Uitspraak
1.Geding in cassatie
2.Beoordeling van het middel
3.Beslissing
18 april 2017.
Hoge Raad
In deze zaak gaat het om een beroep in cassatie tegen een arrest van het Gerechtshof Den Haag, dat op 14 augustus 2015 werd gewezen. De verdachte, geboren in 1980, werd beschuldigd van poging tot oplichting door zich bedrieglijk voor te doen als iemand die werkzaam is bij gerenommeerde bouwbedrijven. Dit leidde ertoe dat benadeelde bedrijven werden bewogen tot de afgifte van bouwgereedschap, waaronder (accu)boormachines. De advocaat van de verdachte, O.J. Much, heeft een middel van cassatie voorgesteld, maar de Advocaat-Generaal F.W. Bleichrodt heeft geconcludeerd tot verwerping van het beroep.

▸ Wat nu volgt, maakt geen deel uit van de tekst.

(* Let $n\ge 1$, $1<p<\infty$, and let $f\in L^p(\mathbb{R}^n)$ be radially symmetric. Then there is a constant $C$ (independent of $f$, $R$ and $x$) such that for every $R>0$ and every $x\neq 0$, $$ |(f*\chi_{B(0,R)})(x)| \le C\, R^{\,n-1/p}\, |x|^{-(n-1)/p}\, \| f \|_{L^p(\mathbb{R}^n)}, $$ where $\chi_{B(0,R)}$ is the indicator function of the ball $B(0,R)=\{y\in\mathbb{R}^n:|y|<R\}$.
   Context: A function $f$ on $\mathbb{R}^n$ is radially symmetric if $f(x)=f_0(|x|)$ for some function $f_0$ on $[0,\infty)$. *)

theory Defs
  imports "HOL-Analysis.Analysis"
begin

definition radially_symmetric :: "('a::real_normed_vector \<Rightarrow> 'b) \<Rightarrow> bool" where
  "radially_symmetric f \<longleftrightarrow> (\<exists>f0 :: real \<Rightarrow> 'b. \<forall>x. f x = f0 (norm x))"

definition in_Lp :: "real \<Rightarrow> ('a::euclidean_space \<Rightarrow> real) \<Rightarrow> bool" where
  "in_Lp p f \<longleftrightarrow> f \<in> borel_measurable lebesgue \<and> integrable lebesgue (\<lambda>x. \<bar>f x\<bar> powr p)"

definition Lp_norm :: "real \<Rightarrow> ('a::euclidean_space \<Rightarrow> real) \<Rightarrow> real" where
  "Lp_norm p f = (LINT x|lebesgue. \<bar>f x\<bar> powr p) powr (1 / p)"

definition conv :: "('a::euclidean_space \<Rightarrow> real) \<Rightarrow> ('a \<Rightarrow> real) \<Rightarrow> 'a \<Rightarrow> real" where
  "conv f g x = (LINT y|lebesgue. f y * g (x - y))"

end

theory Submission
  imports Defs
begin

text \<open>
  For radial f, a rotation carrying x to s shows that |f|^p has the same integral over the
  ball B(x,R) as over B(s,R) whenever |s| = |x|. A maximal 2R-separated set S on the sphere of
  radius |x| gives pairwise disjoint balls B(s,R), and by maximality the balls B(s,3R) cover the
  shell between the radii |x| and |x| + R; comparing volumes, |x|^(n-1) \<le> 3^n R^(n-1) card S.
  Hence the integral of |f|^p over B(x,R) is at most 3^n (R/|x|)^(n-1) times its integral over
  the whole space, and Hoelder's inequality on B(x,R), whose volume is a multiple of R^n, bounds
  |(f * \<chi>_B(0,R))(x)| \<le> \<integral>_B(x,R) |f| as claimed.
\<close>

section \<open>Rotations of a Euclidean space\<close>

text \<open>
  The library's results on orthogonal transformations and Lebesgue measure are stated for
  \<open>real^'n\<close> with a well-ordered index type; coordinates indexed by the basis transfer them to
  an arbitrary Euclidean space.
\<close>

typedef (overloaded) ('a::euclidean_space) basis_index = "Basis :: 'a set"
  using nonempty_Basis by blast

instance basis_index :: (euclidean_space) finite
proof
  show "finite (UNIV :: 'a basis_index set)"
    by (metis type_definition.Abs_image type_definition_basis_index finite_Basis finite_imageI)
qed

instantiation basis_index :: (euclidean_space) linorder
begin
definition less_eq_basis_index :: "'a basis_index \<Rightarrow> 'a basis_index \<Rightarrow> bool"
  where "less_eq_basis_index i j \<longleftrightarrow> to_nat i \<le> to_nat j"
definition less_basis_index :: "'a basis_index \<Rightarrow> 'a basis_index \<Rightarrow> bool"
  where "less_basis_index i j \<longleftrightarrow> to_nat i < to_nat j"
instance
  by standard (use inj_to_nat in \<open>auto simp: less_eq_basis_index_def less_basis_index_def dest: injD\<close>)
end
(* Let $p\ge 2$ and let $\alpha,\beta>0$ be reals with $$\alpha\beta\ <\ \frac{2p}{\lceil \log_2 p\rceil+2}.$$ Then there exists an in-tree task graph $T$ in the Pebble Game model such that no schedule $S$ of $T$ on $p$ processors satisfies both $C_{\max}(S)\le\alpha\,C^*_p(T)$ and $M(S)\le \beta\, M^*_p(T)$. Consequently, no algorithm is both an $\alpha(p)$-approximation for makespan minimization and a $\beta(p)$-approximation for peak memory minimization on $p$ processors with $\alpha(p)\beta(p)<2p/(\lceil\log_2 p\rceil+2)$.
   Context: Model. An in-tree task graph $T$ has nodes $\{1,\dots,n\}$ and a root; every non-root node $i$ has a parent, and $\mathrm{Children}(i)$ is the set of children of $i$. Each node $i$ has a processing time $w_i\ge 0$, an execution-file size $n_i\ge 0$ and an output-file size $f_i\ge 0$. A schedule on $p$ identical processors assigns each node $i$ a processor and a start time $\sigma_i\ge 0$; node $i$ runs without preemption during $[\sigma_i,\sigma_i+w_i)$, a processor runs at most one node at a time, and a node may start only after all its children have completed. The makespan is $C_{\max}=\max_i(\sigma_i+w_i)$. Memory: the output file of $i$ (size $f_i$) occupies memory from the start of $i$ until the completion of the parent of $i$ (for the root, until the end of the schedule), and the execution file of $i$ occupies memory while $i$ runs. The memory used at time $t$ is the total size of files present at time $t$; the peak memory $M(S)$ is the supremum over $t$ of the memory used. $C^*_p(T)$ denotes the minimum makespan and $M^*_p(T)$ the minimum peak memory over all schedules of $T$ on $p$ processors. The Pebble Game model is the special case $f_i=1$, $w_i=1$, $n_i=0$ for all $i$. *)

theory Defs
  imports Complex_Main
begin

text \<open>In-tree task graphs. Nodes are 1..n, r is the root, par gives the parent of every
non-root node. Every node reaches the root by following parents.\<close>

definition in_tree :: "nat \<Rightarrow> nat \<Rightarrow> (nat \<Rightarrow> nat) \<Rightarrow> bool" where
  "in_tree n r par \<longleftrightarrow> r \<in> {1..n} \<and> (\<forall>i\<in>{1..n} - {r}. par i \<in> {1..n})
      \<and> (\<forall>i\<in>{1..n}. \<exists>k. (par ^^ k) i = r)"

definition children :: "nat \<Rightarrow> nat \<Rightarrow> (nat \<Rightarrow> nat) \<Rightarrow> nat \<Rightarrow> nat set" where
  "children n r par i = {j \<in> {1..n}. j \<noteq> r \<and> par j = i}"

definition valid_schedule ::
  "nat \<Rightarrow> nat \<Rightarrow> (nat \<Rightarrow> nat) \<Rightarrow> (nat \<Rightarrow> real) \<Rightarrow> nat \<Rightarrow> (nat \<Rightarrow> nat) \<Rightarrow> (nat \<Rightarrow> real) \<Rightarrow> bool" where
  "valid_schedule n r par w p proc \<sigma> \<longleftrightarrow>
     (\<forall>i\<in>{1..n}. 0 \<le> \<sigma> i \<and> proc i < p)
   \<and> (\<forall>i\<in>{1..n}. \<forall>j\<in>{1..n}. i \<noteq> j \<and> proc i = proc j \<longrightarrow>
        {\<sigma> i..<\<sigma> i + w i} \<inter> {\<sigma> j..<\<sigma> j + w j} = {})
   \<and> (\<forall>i\<in>{1..n}. \<forall>j\<in>children n r par i. \<sigma> j + w j \<le> \<sigma> i)"

definition makespan :: "nat \<Rightarrow> (nat \<Rightarrow> real) \<Rightarrow> (nat \<Rightarrow> real) \<Rightarrow> real" where
  "makespan n w \<sigma> = Max ((\<lambda>i. \<sigma> i + w i) ` {1..n})"

text \<open>End of the lifetime of the output file of node i.\<close>
definition file_end :: "nat \<Rightarrow> nat \<Rightarrow> (nat \<Rightarrow> nat) \<Rightarrow> (nat \<Rightarrow> real) \<Rightarrow> (nat \<Rightarrow> real) \<Rightarrow> nat \<Rightarrow> real" where
  "file_end n r par w \<sigma> i = (if i = r then makespan n w \<sigma> else \<sigma> (par i) + w (par i))"

text \<open>Memory used at time t (w: processing times, ne: execution file sizes, f: output file sizes).\<close>
definition mem_at :: "nat \<Rightarrow> nat \<Rightarrow> (nat \<Rightarrow> nat) \<Rightarrow> (nat \<Rightarrow> real) \<Rightarrow> (nat \<Rightarrow> real) \<Rightarrow> (nat \<Rightarrow> real)
    \<Rightarrow> (nat \<Rightarrow> real) \<Rightarrow> real \<Rightarrow> real" where
  "mem_at n r par w ne f \<sigma> t =
     (\<Sum>i\<in>{1..n}. (if \<sigma> i \<le> t \<and> t < file_end n r par w \<sigma> i then f i else 0)
                 + (if \<sigma> i \<le> t \<and> t < \<sigma> i + w i then ne i else 0))"

definition peak_mem :: "nat \<Rightarrow> nat \<Rightarrow> (nat \<Rightarrow> nat) \<Rightarrow> (nat \<Rightarrow> real) \<Rightarrow> (nat \<Rightarrow> real) \<Rightarrow> (nat \<Rightarrow> real)
    \<Rightarrow> (nat \<Rightarrow> real) \<Rightarrow> real" where
  "peak_mem n r par w ne f \<sigma> = (SUP t. mem_at n r par w ne f \<sigma> t)"

definition opt_makespan :: "nat \<Rightarrow> nat \<Rightarrow> (nat \<Rightarrow> nat) \<Rightarrow> (nat \<Rightarrow> real) \<Rightarrow> nat \<Rightarrow> real" where
  "opt_makespan n r par w p =
     Inf {makespan n w \<sigma> | proc \<sigma>. valid_schedule n r par w p proc \<sigma>}"

definition opt_peak_mem :: "nat \<Rightarrow> nat \<Rightarrow> (nat \<Rightarrow> nat) \<Rightarrow> (nat \<Rightarrow> real) \<Rightarrow> (nat \<Rightarrow> real) \<Rightarrow> (nat \<Rightarrow> real)
    \<Rightarrow> nat \<Rightarrow> real" where
  "opt_peak_mem n r par w ne f p =
     Inf {peak_mem n r par w ne f \<sigma> | proc \<sigma>. valid_schedule n r par w p proc \<sigma>}"

end

theory Submission
  imports Defs "HOL-Analysis.Analysis"
begin

(* In any schedule of an in-tree with n unit tasks, the output file of every
   non-root node lives for at least two time units (from its own start until its parent
   completes), the root file for at least one. Integrating the memory profile over [0, C]
   gives 2n - 1 <= M * C for every schedule with makespan C and peak memory M.

   Take p chains of K nodes each and hang the top of chain b below the top of
   chain b + 1 (a caterpillar whose spine consists of the p chain tops). Executing the nodes
   in index order on one processor needs memory at most 3, while running the p chains in
   parallel and then the spine sequentially has makespan K - 1 + p. Hence a schedule that is
   alpha-approximate for makespan and beta-approximate for memory would satisfy
   2pK - 1 <= 3 alpha beta (K - 1 + p), which fails for large K as soon as
   3 alpha beta < 2p. Since ceil(log2 p) >= 1 for p >= 2, the hypothesis of the theorem
   implies this, so the caterpillar refutes every such pair (alpha, beta). *)

abbreviation pebble_schedule ::
  "nat \<Rightarrow> nat \<Rightarrow> (nat \<Rightarrow> nat) \<Rightarrow> nat \<Rightarrow> (nat \<Rightarrow> nat) \<Rightarrow> (nat \<Rightarrow> real) \<Rightarrow> bool" where
  "pebble_schedule n r par p proc \<sigma> \<equiv> valid_schedule n r par (\<lambda>_. 1) p proc \<sigma>"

De Hoge Raad heeft op 18 april 2017 geoordeeld dat het middel niet tot cassatie kan leiden. De Hoge Raad oordeelde dat, gezien artikel 81, eerste lid, van de Wet op de rechterlijke organisatie, er geen nadere motivering nodig is, omdat het middel niet noopt tot beantwoording van rechtsvragen die van belang zijn voor de rechtseenheid of de rechtsontwikkeling. De Hoge Raad heeft het beroep van de verdachte verworpen, waarmee de eerdere uitspraak van het Gerechtshof in stand blijft.